= George Forster (traveller) =

English traveller and civil servant

George Forster (c. 1750 – February 1791) was an English traveller and civil servant of the East India Company, on the Madras establishment. He has sometimes been confused with the German naturalist Georg Forster. He is notable for being the first Briton to have journeyed from India through Central Asia to Russia and published a journal of his travels.

==Life==
In 1782 Forster undertook a journey that began in Calcutta, Bengal and passed through Kashmir, Afghanistan, Herat, Khorasan, and Mazandaran, crossed the Caspian Sea by ship, and then travelled to Baku, Astrakhan, Moscow, St Petersburg and then by ship to London.

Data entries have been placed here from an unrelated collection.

(* Suppose $\int_{[0,1]}|\log(1-p)|\,\Lambda(dp)<\infty$. Then for every $\varepsilon>0$ there exists a positive integer $K_\varepsilon$ such that for all integers $m,n$ with $1\le m<n$, $P\big(m<N_n(t)\le K_\varepsilon m\text{ for some }t\ge0\big)>1-\varepsilon$.
   Context: Let $\Lambda$ be a nonzero finite measure on $[0,1]$. For $n\ge 1$, the $\Lambda$-coalescent started with $n$ blocks, $(\Pi_n(t))_{t\ge0}$, is the continuous-time Markov chain on partitions of $\{1,\dots,n\}$, started from the partition into singletons, in which, whenever there are $b$ blocks, each particular collection of $k\ge2$ blocks merges into a single block at rate $\lambda_{b,k}=\int_{[0,1]}p^{k-2}(1-p)^{b-k}\,\Lambda(dp)$, and no other transitions occur. $N_n(t)$ denotes the number of blocks of $\Pi_n(t)$. *)

theory Defs
  imports "HOL-Probability.Probability"
begin

text \<open>Rates of the Lambda-coalescent: lambda_{b,k} = int p^(k-2) (1-p)^(b-k) Lambda(dp).\<close>
definition lam :: "real measure \<Rightarrow> nat \<Rightarrow> nat \<Rightarrow> real" where
  "lam L b k = (\<integral>p. p ^ (k - 2) * (1 - p) ^ (b - k) \<partial>L)"

definition lamtot :: "real measure \<Rightarrow> nat \<Rightarrow> real" where
  "lamtot L b = (\<Sum>k=2..b. real (b choose k) * lam L b k)"

definition merge :: "nat set set \<Rightarrow> nat set set \<Rightarrow> nat set set" where
  "merge P S = insert (\<Union>S) (P - S)"

text \<open>One step of the jump chain of the partition-valued Lambda-coalescent:
  from a partition P with b = card P \<ge> 2 blocks, a particular collection S of
  k \<ge> 2 blocks merges with probability lam b k / lamtot b (rate / total rate).\<close>
definition step :: "real measure \<Rightarrow> nat set set \<Rightarrow> nat set set pmf" where
  "step L P = (if card P \<le> 1 then return_pmf P
     else map_pmf (merge P)
       (embed_pmf (\<lambda>S. if S \<subseteq> P \<and> 2 \<le> card S
                        then lam L (card P) (card S) / lamtot L (card P) else 0)))"

text \<open>Distribution of the first j jumps (the list of visited states, j+1 entries).\<close>
fun path :: "real measure \<Rightarrow> nat \<Rightarrow> nat set set \<Rightarrow> nat set set list pmf" where
  "path L 0 P = return_pmf [P]"
| "path L (Suc j) P = bind_pmf (step L P) (\<lambda>Q. map_pmf (Cons P) (path L j Q))"

definition singletons :: "nat \<Rightarrow> nat set set" where
  "singletons n = (\<lambda>i. {i}) ` {1..n}"

text \<open>Sequence of states visited by Pi_n (jump chain); n jumps suffice to reach
  the absorbing one-block state, since each jump decreases the number of blocks.\<close>
definition coal_path :: "real measure \<Rightarrow> nat \<Rightarrow> nat set set list pmf" where
  "coal_path L n = path L n (singletons n)"

end

theory Submission
  imports Defs "HOL-Real_Asymp.Real_Asymp"
begin

(* A path of the jump chain that never has between m + 1 and K m blocks must jump, in a single
   merger, from more than K m blocks to at most m blocks. From b blocks the expected number of
   blocks lost per unit time is at least (b - 1) \<Lambda>([0,1]), whereas the rate of jumping to at most
   m blocks is the \<Lambda>-integral of a density that is exponentially small in b for small p and at
   most of order min(1, m / (b (1 - p))) otherwise. Summing these rates with weights 1 / c over
   c > K m gives a potential whose expected decrease dominates the rate of the fatal jump, so it
   bounds the probability of missing the window. The potential is at most the \<Lambda>-integral of a
   function of p that is dominated by a multiple of 1 + |log (1 - p)| and tends to 0 as K grows;
   by dominated convergence the bound is small for large K, uniformly in m and n. *)

section \<open>Merging blocks of a partition\<close>

definition merge_choices :: "nat set set \<Rightarrow> nat set set set" where
  "merge_choices P = {S. S \<subseteq> P \<and> 2 \<le> card S}"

In 1791 he was sent on an embassy to the Mahrattas, and died at Nagpore (called Nagpur in modern times).

==Works==
He published in England Sketches of the Mythology and Customs of the Hindoos (84 pp., 1785); and on his return to India he wrote an account of his journey, the first volume of which was published at Calcutta in 1790. The narrative of his journey was completed from his papers, and published in London by an unknown editor as A Journey from Bengal to England through the Northern part of India, Kashmire, Afghanistan, and Persia, and into Russia by the Caspian Sea (2 vols. 1798). He also published in 1803 a work co-authored with Antoine Polier on the Sikhs, one of the earliest English language accounts on the group.